WHAT TO DO: How many lines of these entries hold the string "noteq"? Reply with the number alone.

MATERIAL PROVIDED:
(* Let $A$ be a ring satisfying the ascending chain condition on semiprime ideals, and let $\varphi: A \to A$ be a surjective ring endomorphism. Then $\ker\varphi$ is contained in the prime radical of $A$.
   Context: The prime radical of $A$ is the intersection of all prime ideals of $A$. For an ideal $J \triangleleft A$, $\sqrt{J}$ is the intersection of the prime ideals containing $J$; $J$ is \emph{semiprime} if $\sqrt J = J$. *)

theory Defs
  imports Main
begin

text \<open>Rings are associative, unital, not necessarily commutative (type class ring_1);
  the ring A is the whole type.\<close>

definition two_sided_ideal :: "'a::ring_1 set \<Rightarrow> bool" where
  "two_sided_ideal I \<longleftrightarrow> 0 \<in> I \<and> (\<forall>x\<in>I. \<forall>y\<in>I. x + y \<in> I) \<and> (\<forall>x\<in>I. - x \<in> I)
     \<and> (\<forall>x\<in>I. \<forall>r. r * x \<in> I \<and> x * r \<in> I)"

text \<open>Since P is closed under sums, IJ \<subseteq> P iff all
  products a*b with a in I, b in J lie in P.\<close>
definition prime_ideal :: "'a::ring_1 set \<Rightarrow> bool" where
  "prime_ideal P \<longleftrightarrow> two_sided_ideal P \<and> P \<noteq> UNIV \<and>
     (\<forall>I J. two_sided_ideal I \<longrightarrow> two_sided_ideal J \<longrightarrow>
        (\<forall>a\<in>I. \<forall>b\<in>J. a * b \<in> P) \<longrightarrow> I \<subseteq> P \<or> J \<subseteq> P)"

definition prime_radical :: "'a::ring_1 set" where
  "prime_radical = \<Inter> {P. prime_ideal P}"

definition ideal_radical :: "'a::ring_1 set \<Rightarrow> 'a set" where
  "ideal_radical J = \<Inter> {P. prime_ideal P \<and> J \<subseteq> P}"

definition semiprime_ideal :: "'a::ring_1 set \<Rightarrow> bool" where
  "semiprime_ideal J \<longleftrightarrow> two_sided_ideal J \<and> ideal_radical J = J"

definition acc_semiprime :: "'a::ring_1 itself \<Rightarrow> bool" where
  "acc_semiprime _ \<longleftrightarrow> (\<forall>f :: nat \<Rightarrow> 'a set.
     (\<forall>n. semiprime_ideal (f n)) \<longrightarrow> (\<forall>n. f n \<subseteq> f (Suc n)) \<longrightarrow>
     (\<exists>N. \<forall>n\<ge>N. f n = f N))"

end

theory Submission
  imports Defs
begin

text \<open>Let N be the prime radical. Preimages of prime ideals under the surjective ring
  endomorphism \<phi> are prime, so \<phi>(N) \<subseteq> N and the sets N_n = (\<phi>^n)^-1(N) form an ascending
  chain of intersections of primes, i.e. of semiprime ideals. It becomes stationary at some
  index m. Given \<phi>(x) = 0, write x = \<phi>^m(y); then \<phi>^(m+1)(y) = 0 \<in> N, so
  y \<in> N_(m+1) = N_m, that is, x \<in> N.\<close>

lemma two_sided_ideal_Inter:
  assumes "\<forall>I\<in>F. two_sided_ideal I"
  shows "two_sided_ideal (\<Inter> F)"
  using assms by (auto simp: two_sided_ideal_def)

lemma two_sided_ideal_eq_UNIV_iff:
  assumes "two_sided_ideal I"
  shows "I = UNIV \<longleftrightarrow> 1 \<in> I"
  using assms unfolding two_sided_ideal_def by (metis UNIV_I mult_1_left subsetI subset_antisym)

lemma semiprime_ideal_Inter_prime:
  assumes "\<forall>P\<in>F. prime_ideal P"
  shows "semiprime_ideal (\<Inter> F)"
proof -
  have "two_sided_ideal (\<Inter> F)"
    using assms by (intro two_sided_ideal_Inter) (simp add: prime_ideal_def)
  moreover have "ideal_radical (\<Inter> F) = \<Inter> F"
    unfolding ideal_radical_def using assms by blast
  ultimately show ?thesis
    unfolding semiprime_ideal_def by blast
qed

lemma zero_in_prime_radical: "0 \<in> prime_radical"
  by (simp add: prime_radical_def prime_ideal_def two_sided_ideal_def)

locale unital_ring_hom =
  fixes \<psi> :: "'a::ring_1 \<Rightarrow> 'b::ring_1"
  assumes map_add: "\<psi> (x + y) = \<psi> x + \<psi> y"
    and map_mult: "\<psi> (x * y) = \<psi> x * \<psi> y"
    and map_one: "\<psi> 1 = 1"
begin

lemma map_zero: "\<psi> 0 = 0"
  using map_add[of 0 0] by simp

lemma map_uminus: "\<psi> (- x) = - \<psi> x"
proof -
  have "\<psi> x + \<psi> (- x) = 0"
    using map_add[of x "- x"] by (simp add: map_zero)
  then show ?thesis
    by (rule minus_unique[symmetric])
qed

lemma two_sided_ideal_vimage:
  assumes "two_sided_ideal J"
  shows "two_sided_ideal (\<psi> -` J)"
  using assms unfolding two_sided_ideal_def by (simp add: map_zero map_add map_uminus map_mult)

lemma vimage_proper:
  assumes "two_sided_ideal J" and "J \<noteq> UNIV"
  shows "\<psi> -` J \<noteq> UNIV"
proof -
  have "1 \<notin> \<psi> -` J"
    using assms(2) two_sided_ideal_eq_UNIV_iff[OF assms(1)] map_one by simp
  then show ?thesis
    by blast
qed

end

locale surj_ring_hom = unital_ring_hom +
  assumes surj: "surj \<psi>"
begin

lemma two_sided_ideal_image:
  assumes I: "two_sided_ideal I"
  shows "two_sided_ideal (\<psi> ` I)"
proof -
  have "\<psi> s * \<psi> x \<in> \<psi> ` I \<and> \<psi> x * \<psi> s \<in> \<psi> ` I" if "x \<in> I" for x s
    using I that unfolding two_sided_ideal_def map_mult[symmetric] by blast
  then have "r * \<psi> x \<in> \<psi> ` I \<and> \<psi> x * r \<in> \<psi> ` I" if "x \<in> I" for x r
    using surj that by (metis surjD)
  then show ?thesis
    using I unfolding two_sided_ideal_def
    by (auto simp flip: map_add map_uminus intro!: image_eqI[where f = \<psi>] map_zero[symmetric])
qed

lemma prime_ideal_vimage:
  assumes P: "prime_ideal P"
  shows "prime_ideal (\<psi> -` P)"
  unfolding prime_ideal_def
proof (intro conjI allI impI)
  show "two_sided_ideal (\<psi> -` P)" "\<psi> -` P \<noteq> UNIV"
    using P two_sided_ideal_vimage vimage_proper unfolding prime_ideal_def by auto
next
  fix I J assume I: "two_sided_ideal I" and J: "two_sided_ideal J"
    and prod: "\<forall>a\<in>I. \<forall>b\<in>J. a * b \<in> \<psi> -` P"
  have "\<forall>a\<in>\<psi> ` I. \<forall>b\<in>\<psi> ` J. a * b \<in> P"
    using prod by (auto simp: map_mult[symmetric])
  then have "\<psi> ` I \<subseteq> P \<or> \<psi> ` J \<subseteq> P"
    using P I J two_sided_ideal_image unfolding prime_ideal_def by blast
  then show "I \<subseteq> \<psi> -` P \<or> J \<subseteq> \<psi> -` P"
    by auto
qed

lemma image_prime_radical_subset: "\<psi> ` prime_radical \<subseteq> prime_radical"
  using prime_ideal_vimage unfolding prime_radical_def by blast

lemma semiprime_ideal_vimage_prime_radical: "semiprime_ideal (\<psi> -` prime_radical)"
proof -
  have "\<psi> -` prime_radical = \<Inter> ((-`) \<psi> ` {P. prime_ideal P})"
    unfolding prime_radical_def by auto
  then show ?thesis
    by (auto intro!: semiprime_ideal_Inter_prime prime_ideal_vimage)
qed

end

lemma surj_ring_hom_id: "surj_ring_hom (id :: 'a::ring_1 \<Rightarrow> 'a)"
  by unfold_locales simp_all

lemma surj_ring_hom_comp:
  assumes "surj_ring_hom \<phi>" and "surj_ring_hom \<psi>"
  shows "surj_ring_hom (\<phi> \<circ> \<psi>)"
proof -
  interpret \<phi>: surj_ring_hom \<phi> by fact
  interpret \<psi>: surj_ring_hom \<psi> by fact
  show ?thesis
    by unfold_locales
      (simp_all add: \<phi>.map_add \<psi>.map_add \<phi>.map_mult \<psi>.map_mult \<phi>.map_one \<psi>.map_one
        comp_surj[OF \<psi>.surj \<phi>.surj, unfolded comp_def])
qed

lemma surj_ring_hom_funpow:
  fixes \<phi> :: "'a::ring_1 \<Rightarrow> 'a"
  assumes "surj_ring_hom \<phi>"
  shows "surj_ring_hom (\<phi> ^^ n)"
proof (induction n)
  case 0
  show ?case
    unfolding funpow.simps(1) by (rule surj_ring_hom_id)
next
  case (Suc n)
  show ?case
    unfolding funpow.simps(2) using assms Suc.IH by (rule surj_ring_hom_comp)
qed

lemma vimage_prime_radical_chain_stabilises:
  assumes "acc_semiprime TYPE('a::ring_1)" and "surj_ring_hom (\<phi> :: 'a \<Rightarrow> 'a)"
  obtains m where "\<forall>n\<ge>m. (\<phi> ^^ n) -` prime_radical = (\<phi> ^^ m) -` prime_radical"
proof -
  interpret surj_ring_hom \<phi> by fact
  define N where "N n = (\<phi> ^^ n) -` prime_radical" for n
  have "\<forall>n. semiprime_ideal (N n)"
    unfolding N_def
    using surj_ring_hom.semiprime_ideal_vimage_prime_radical[OF surj_ring_hom_funpow[OF assms(2)]] ..
  moreover have "\<forall>n. N n \<subseteq> N (Suc n)"
  proof
    fix n
    have "prime_radical \<subseteq> \<phi> -` prime_radical"
      using image_prime_radical_subset by (simp add: image_subset_iff_subset_vimage)
    then show "N n \<subseteq> N (Suc n)"
      unfolding N_def funpow.simps(2) vimage_comp[symmetric] by (rule vimage_mono)
  qed
  ultimately obtain m where m: "\<forall>n\<ge>m. N n = N m"
    using assms(1) unfolding acc_semiprime_def by blast
  from m show ?thesis
    unfolding N_def by (rule that)
qed

theorem mainTheorem10:
  fixes \<phi> :: "'a::ring_1 \<Rightarrow> 'a"
  assumes "acc_semiprime TYPE('a)"
    and "\<And>x y. \<phi> (x + y) = \<phi> x + \<phi> y"
    and "\<And>x y. \<phi> (x * y) = \<phi> x * \<phi> y"
    and "\<phi> 1 = 1"
    and "surj \<phi>"
  shows "{x. \<phi> x = 0} \<subseteq> prime_radical"
proof
  have hom: "surj_ring_hom \<phi>"
    using assms(2-5) by unfold_locales
  obtain m where m: "\<forall>n\<ge>m. (\<phi> ^^ n) -` prime_radical = (\<phi> ^^ m) -` prime_radical"
    by (rule vimage_prime_radical_chain_stabilises[OF assms(1) hom])
  fix x assume "x \<in> {x. \<phi> x = 0}"
  then have "\<phi> x = 0" by simp
  obtain y where y: "x = (\<phi> ^^ m) y"
    using surj_ring_hom.surj[OF surj_ring_hom_funpow[OF hom]] by (metis surjD)
  have "(\<phi> ^^ Suc m) y = 0"
    using \<open>\<phi> x = 0\<close> y by simp
  then have "y \<in> (\<phi> ^^ Suc m) -` prime_radical"
    using zero_in_prime_radical by simp
  then have "y \<in> (\<phi> ^^ m) -` prime_radical"
    unfolding m[rule_format, OF le_SucI[OF order_refl]] .
  then show "x \<in> prime_radical"
    using y by simp
qed

end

SOLUTION TO THIS TASK: 4